Using proxy servers that hid their identities, Livingston and Chmielarz sent out spam messages using botnets" to hide their wrongdoing, he said.

They "hacked into the email accounts of individuals and compromised and seized control of the mail servers of some of the corporate victims to further their spam campaigns," the U.S. attorney said.

Livingston and Chmielarz also created custom software that "leveraged vulnerabilities in the websites of a number of corporations" to send more span, Fishman said.

Working with McArthur, the pair stole swiped confidential databases from corporate victims -- some of which held personal ID information for millions of Americans, he said.

At one point, Fishman said, Livingston and McArthur "estimated that they had succeeded in stealing 24.5 million records" by hacking into one company's database.

The government seized a 2006 Ferrari F430, two-door Spider Convertible and 2009 Cadillac Escalade SUV that prosecutors are asking a judge to order forfeited, along with nearly $300,000 from several bank accounts.

Fishman credited special agents of the FBI’s Cyber Division.
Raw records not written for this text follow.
(* Let $G$ be a permutation group on a finite set $\Omega$, $|\Omega|=n$, and let $1\le k\le n$. (a) If $G$ is $k$-transitive, then $G$ has the ordered $k$-ut property. (b) If $k\ge 2$ and $G$ has ordered $k$-ut, then $G$ has ordered $(k-1)$-ut. (c) If $k\ge 2$ and $G$ has the $k$-ut property and is generously $(k-1)$-transitive, then $G$ has ordered $k$-ut. (d) If $k\ge2$ and $G$ has ordered $k$-ut, then $G$ is $(k-1)$-transitive. (e) If $k\ge2$ and $G$ has ordered $k$-ut, then $G$ is $(k-1)$-primitive. (f) If $k\ge 2$ and $G$ has ordered $k$-ut, then the stabiliser in $G$ of a point $\alpha$ has ordered $(k-1)$-ut on $\Omega\setminus\{\alpha\}$.
   Context: $G$ has the $k$-ut (universal transversal) property if for every $k$-subset $A\subseteq\Omega$ and every partition $P$ of $\Omega$ into $k$ parts there is $g\in G$ with $Ag$ a transversal of $P$ (meets every part in exactly one point). $G$ has the ordered $k$-ut property if for every $k$-tuple $(a_1,\dots,a_k)$ of distinct points and every ordered partition $(P_1,\dots,P_k)$ of $\Omega$ into $k$ nonempty parts there is $g\in G$ with $a_ig\in P_i$ for all $i$. $G$ is $m$-primitive if it is $m$-transitive and the pointwise stabiliser of any $m-1$ points is primitive on the remaining points (so $1$-primitive means primitive). $G$ is generously $m$-transitive if for every $(m+1)$-subset $M\subseteq\Omega$ the group induced on $M$ by the setwise stabiliser of $M$ is the full symmetric group on $M$. *)

theory Defs
  imports "HOL-Combinatorics.Permutations" "HOL-Library.Disjoint_Sets"
begin

text \<open>Points are moved by function application, A g is g ` A.\<close>
definition perm_group :: "'a set \<Rightarrow> ('a \<Rightarrow> 'a) set \<Rightarrow> bool" where
  "perm_group \<Omega> G \<longleftrightarrow> (\<forall>g\<in>G. g permutes \<Omega>) \<and> id \<in> G \<and>
     (\<forall>g\<in>G. \<forall>h\<in>G. g \<circ> h \<in> G) \<and> (\<forall>g\<in>G. inv g \<in> G)"

definition distinct_tuple :: "'a set \<Rightarrow> nat \<Rightarrow> (nat \<Rightarrow> 'a) \<Rightarrow> bool" where
  "distinct_tuple \<Omega> k a \<longleftrightarrow> inj_on a {..<k} \<and> a ` {..<k} \<subseteq> \<Omega>"

definition k_transitive :: "'a set \<Rightarrow> ('a \<Rightarrow> 'a) set \<Rightarrow> nat \<Rightarrow> bool" where
  "k_transitive \<Omega> G k \<longleftrightarrow>
     (\<forall>a b. distinct_tuple \<Omega> k a \<and> distinct_tuple \<Omega> k b \<longrightarrow>
        (\<exists>g\<in>G. \<forall>i<k. g (a i) = b i))"

definition ordered_partition :: "'a set \<Rightarrow> nat \<Rightarrow> (nat \<Rightarrow> 'a set) \<Rightarrow> bool" where
  "ordered_partition \<Omega> k P \<longleftrightarrow>
     (\<forall>i<k. P i \<noteq> {}) \<and> (\<forall>i<k. \<forall>j<k. i \<noteq> j \<longrightarrow> P i \<inter> P j = {}) \<and>
     (\<Union>i<k. P i) = \<Omega>"

definition ordered_ut :: "'a set \<Rightarrow> ('a \<Rightarrow> 'a) set \<Rightarrow> nat \<Rightarrow> bool" where
  "ordered_ut \<Omega> G k \<longleftrightarrow>
     (\<forall>a P. distinct_tuple \<Omega> k a \<and> ordered_partition \<Omega> k P \<longrightarrow>
        (\<exists>g\<in>G. \<forall>i<k. g (a i) \<in> P i))"

definition ut :: "'a set \<Rightarrow> ('a \<Rightarrow> 'a) set \<Rightarrow> nat \<Rightarrow> bool" where
  "ut \<Omega> G k \<longleftrightarrow>
     (\<forall>A \<P>. A \<subseteq> \<Omega> \<and> card A = k \<and> partition_on \<Omega> \<P> \<and> card \<P> = k \<longrightarrow>
        (\<exists>g\<in>G. \<forall>p\<in>\<P>. card (g ` A \<inter> p) = 1))"

definition transitive_on :: "('a \<Rightarrow> 'a) set \<Rightarrow> 'a set \<Rightarrow> bool" where
  "transitive_on H \<Delta> \<longleftrightarrow> (\<forall>x\<in>\<Delta>. \<forall>y\<in>\<Delta>. \<exists>h\<in>H. h x = y)"

definition is_block :: "('a \<Rightarrow> 'a) set \<Rightarrow> 'a set \<Rightarrow> bool" where
  "is_block H B \<longleftrightarrow> (\<forall>h\<in>H. h ` B = B \<or> h ` B \<inter> B = {})"

definition primitive_on :: "('a \<Rightarrow> 'a) set \<Rightarrow> 'a set \<Rightarrow> bool" where
  "primitive_on H \<Delta> \<longleftrightarrow> transitive_on H \<Delta> \<and>
     (\<forall>B. B \<subseteq> \<Delta> \<and> B \<noteq> {} \<and> is_block H B \<longrightarrow> card B = 1 \<or> B = \<Delta>)"

definition m_primitive :: "'a set \<Rightarrow> ('a \<Rightarrow> 'a) set \<Rightarrow> nat \<Rightarrow> bool" where
  "m_primitive \<Omega> G m \<longleftrightarrow> k_transitive \<Omega> G m \<and>
     (\<forall>c. distinct_tuple \<Omega> (m - 1) c \<longrightarrow>
        primitive_on {g\<in>G. \<forall>i<m - 1. g (c i) = c i} (\<Omega> - c ` {..<m - 1}))"
(* Let $G=(V,E)$ be a finite graph and $A \subset V$, $A \neq \emptyset$. Then: (i) $\mathbb P_V(A \in \mathrm{Inv}) = Z(A) Z(A^c) / Z(V)$. (ii) For $\mathcal F_A$-measurable $f$, $\mathbb E_V(f \mid A \in \mathrm{Inv}) = \mathbb E_A(f(\cdot \oplus \mathrm{id}))$. (iii) For $\mathcal F_A$-measurable $f$ and $\mathcal F_{A^c}$-measurable $g$, $$\mathbb E_V(f g \mid A \in \mathrm{Inv}) = \mathbb E_V(f \mid A \in \mathrm{Inv})\, \mathbb E_V(g \mid A \in \mathrm{Inv}) = \mathbb E_A(f(\cdot \oplus \mathrm{id}))\, \mathbb E_{A^c}(g(\cdot \oplus \mathrm{id})).$$ (iv) For $\mathcal F_A$-measurable $f$ and $\mathcal B \in \mathcal F_{A^c}$, $\mathbb E_V(f \mid A \in \mathrm{Inv}, \mathcal B) = \mathbb E_A(f)$.
   Context: For $U\subset V$, $\mathcal S_U$ is the set of bijections $\pi:U\to U$ with $\pi(x)=x$ or $\{x,\pi(x)\}\in E$ for all $x\in U$ (edges within $U$). $\mathcal H_U(\pi)=\sum_{x\in U}\mathbb 1\{\pi(x)\ne x\}$, $Z(U)=\sum_{\pi\in\mathcal S_U}e^{-\alpha\mathcal H_U(\pi)}$ ($Z(\emptyset)=1$), $\mathbb P_U(\pi)=e^{-\alpha\mathcal H_U(\pi)}/Z(U)$, and $\mathbb E_U$ the corresponding expectation. For $B\subset V$, $\mathcal F_B$ is the $\sigma$-algebra on $\mathcal S_V$ generated by the events $\{\pi:\pi(x)=y,\ \pi^{-1}(x)=z\}$, $x\in B$, $y,z\in V$. $\mathrm{Inv}(\pi)=\{A\subset V:\pi(A)=A\}$ and $\{A\in\mathrm{Inv}\}$ is the event $\{\pi:\pi(A)=A\}$. For $\pi\in\mathcal S_A$, $\pi\oplus\mathrm{id}\in\mathcal S_V$ is the extension of $\pi$ by the identity outside $A$; for $f$ on $\mathcal S_V$, $\mathbb E_A(f)$ means $\mathbb E_A(f(\cdot\oplus\mathrm{id}))$. *)

theory Defs
  imports Complex_Main "HOL-Combinatorics.Permutations"
begin

definition graph :: "'a set \<Rightarrow> ('a \<Rightarrow> 'a \<Rightarrow> bool) \<Rightarrow> bool" where
  "graph V E \<longleftrightarrow> finite V \<and> (\<forall>x y. E x y \<longrightarrow> E y x \<and> x \<noteq> y \<and> x \<in> V \<and> y \<in> V)"

text \<open>S_U: bijections of U moving each point along an edge (represented as
  permutations of U, i.e. extended by the identity outside U).\<close>
definition Sperm :: "('a \<Rightarrow> 'a \<Rightarrow> bool) \<Rightarrow> 'a set \<Rightarrow> ('a \<Rightarrow> 'a) set" where
  "Sperm E U = {\<pi>. \<pi> permutes U \<and> (\<forall>x\<in>U. \<pi> x = x \<or> E x (\<pi> x))}"

definition Ham :: "'a set \<Rightarrow> ('a \<Rightarrow> 'a) \<Rightarrow> nat" where
  "Ham U \<pi> = card {x\<in>U. \<pi> x \<noteq> x}"

definition Zpart :: "('a \<Rightarrow> 'a \<Rightarrow> bool) \<Rightarrow> real \<Rightarrow> 'a set \<Rightarrow> real" where
  "Zpart E \<alpha> U = (\<Sum>\<pi>\<in>Sperm E U. exp (- \<alpha> * real (Ham U \<pi>)))"

definition Prob :: "('a \<Rightarrow> 'a \<Rightarrow> bool) \<Rightarrow> real \<Rightarrow> 'a set \<Rightarrow> ('a \<Rightarrow> 'a) \<Rightarrow> real" where
  "Prob E \<alpha> U \<pi> = exp (- \<alpha> * real (Ham U \<pi>)) / Zpart E \<alpha> U"

text \<open>Expectation under P_U of a function on permutations; since elements of S_U are
  already extended by the identity, this is E_U(f(. \<oplus> id)).\<close>
definition Expect :: "('a \<Rightarrow> 'a \<Rightarrow> bool) \<Rightarrow> real \<Rightarrow> 'a set \<Rightarrow> (('a \<Rightarrow> 'a) \<Rightarrow> real) \<Rightarrow> real" where
  "Expect E \<alpha> U f = (\<Sum>\<pi>\<in>Sperm E U. f \<pi> * Prob E \<alpha> U \<pi>)"

definition ProbEv :: "('a \<Rightarrow> 'a \<Rightarrow> bool) \<Rightarrow> real \<Rightarrow> 'a set \<Rightarrow> ('a \<Rightarrow> 'a) set \<Rightarrow> real" where
  "ProbEv E \<alpha> U C = Expect E \<alpha> U (\<lambda>\<pi>. of_bool (\<pi> \<in> C))"

definition CondExpect :: "('a \<Rightarrow> 'a \<Rightarrow> bool) \<Rightarrow> real \<Rightarrow> 'a set \<Rightarrow> (('a \<Rightarrow> 'a) \<Rightarrow> real)
    \<Rightarrow> ('a \<Rightarrow> 'a) set \<Rightarrow> real" where
  "CondExpect E \<alpha> U f C = Expect E \<alpha> U (\<lambda>\<pi>. f \<pi> * of_bool (\<pi> \<in> C)) / ProbEv E \<alpha> U C"

text \<open>f on S_V is F_B-measurable iff it is constant on the atoms of F_B, i.e. it only
  depends on (\<pi>(x), \<pi>^{-1}(x)) for x in B.\<close>
definition Fmeas :: "('a \<Rightarrow> 'a \<Rightarrow> bool) \<Rightarrow> 'a set \<Rightarrow> 'a set \<Rightarrow> (('a \<Rightarrow> 'a) \<Rightarrow> 'b) \<Rightarrow> bool" where
  "Fmeas E V B f \<longleftrightarrow> (\<forall>\<pi>\<in>Sperm E V. \<forall>\<sigma>\<in>Sperm E V.
      (\<forall>x\<in>B. \<pi> x = \<sigma> x \<and> inv \<pi> x = inv \<sigma> x) \<longrightarrow> f \<pi> = f \<sigma>)"

definition Fevent :: "('a \<Rightarrow> 'a \<Rightarrow> bool) \<Rightarrow> 'a set \<Rightarrow> 'a set \<Rightarrow> ('a \<Rightarrow> 'a) set \<Rightarrow> bool" where
  "Fevent E V B C \<longleftrightarrow> C \<subseteq> Sperm E V \<and> Fmeas E V B (\<lambda>\<pi>. \<pi> \<in> C)"

definition InvEv :: "('a \<Rightarrow> 'a \<Rightarrow> bool) \<Rightarrow> 'a set \<Rightarrow> 'a set \<Rightarrow> ('a \<Rightarrow> 'a) set" where
  "InvEv E V A = {\<pi>\<in>Sperm E V. \<pi> ` A = A}"

end

theory Submission
  imports Defs
begin

text \<open>A permutation leaving A invariant is the same thing as a pair of independent permutations
  of A and of its complement, composed. Under this bijection the Hamiltonian is additive, so the
  Boltzmann weight factorizes, while an F_A-measurable function only sees the first factor and an
  F_{A^c}-measurable one only the second. Every sum over the event then splits as a product of
  a sum over S_A and a sum over S_{A^c}, and all four statements are quotients of such products.\<close>

abbreviation boltzmann :: "real \<Rightarrow> 'a set \<Rightarrow> ('a \<Rightarrow> 'a) \<Rightarrow> real" where
  "boltzmann \<alpha> U \<pi> \<equiv> exp (- \<alpha> * real (Ham U \<pi>))"

lemma finite_Sperm: "finite U \<Longrightarrow> finite (Sperm E U)"
  by (rule finite_subset[OF _ finite_permutations[of U]]) (auto simp: Sperm_def)

lemma id_in_Sperm: "id \<in> Sperm E U"
  by (simp add: Sperm_def)

lemma Sperm_mono: "U \<subseteq> W \<Longrightarrow> Sperm E U \<subseteq> Sperm E W"
  by (auto simp: Sperm_def permutes_subset permutes_not_in)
Representing the government are Assistant U.S. Attorneys Daniel V. Shapiro of Fishman's Computer Hacking and Intellectual Property Section of the Economic Crimes Unit, Peter Gaeta of the Asset Forfeiture-Money Laundering Unit and Senior Trial Attorney William Hall of the Department of Justice’s Criminal Division Computer Crime and Intellectual Property Section.

Sentencing for Chmielarz and McArthur was scheduled for Sept. 13.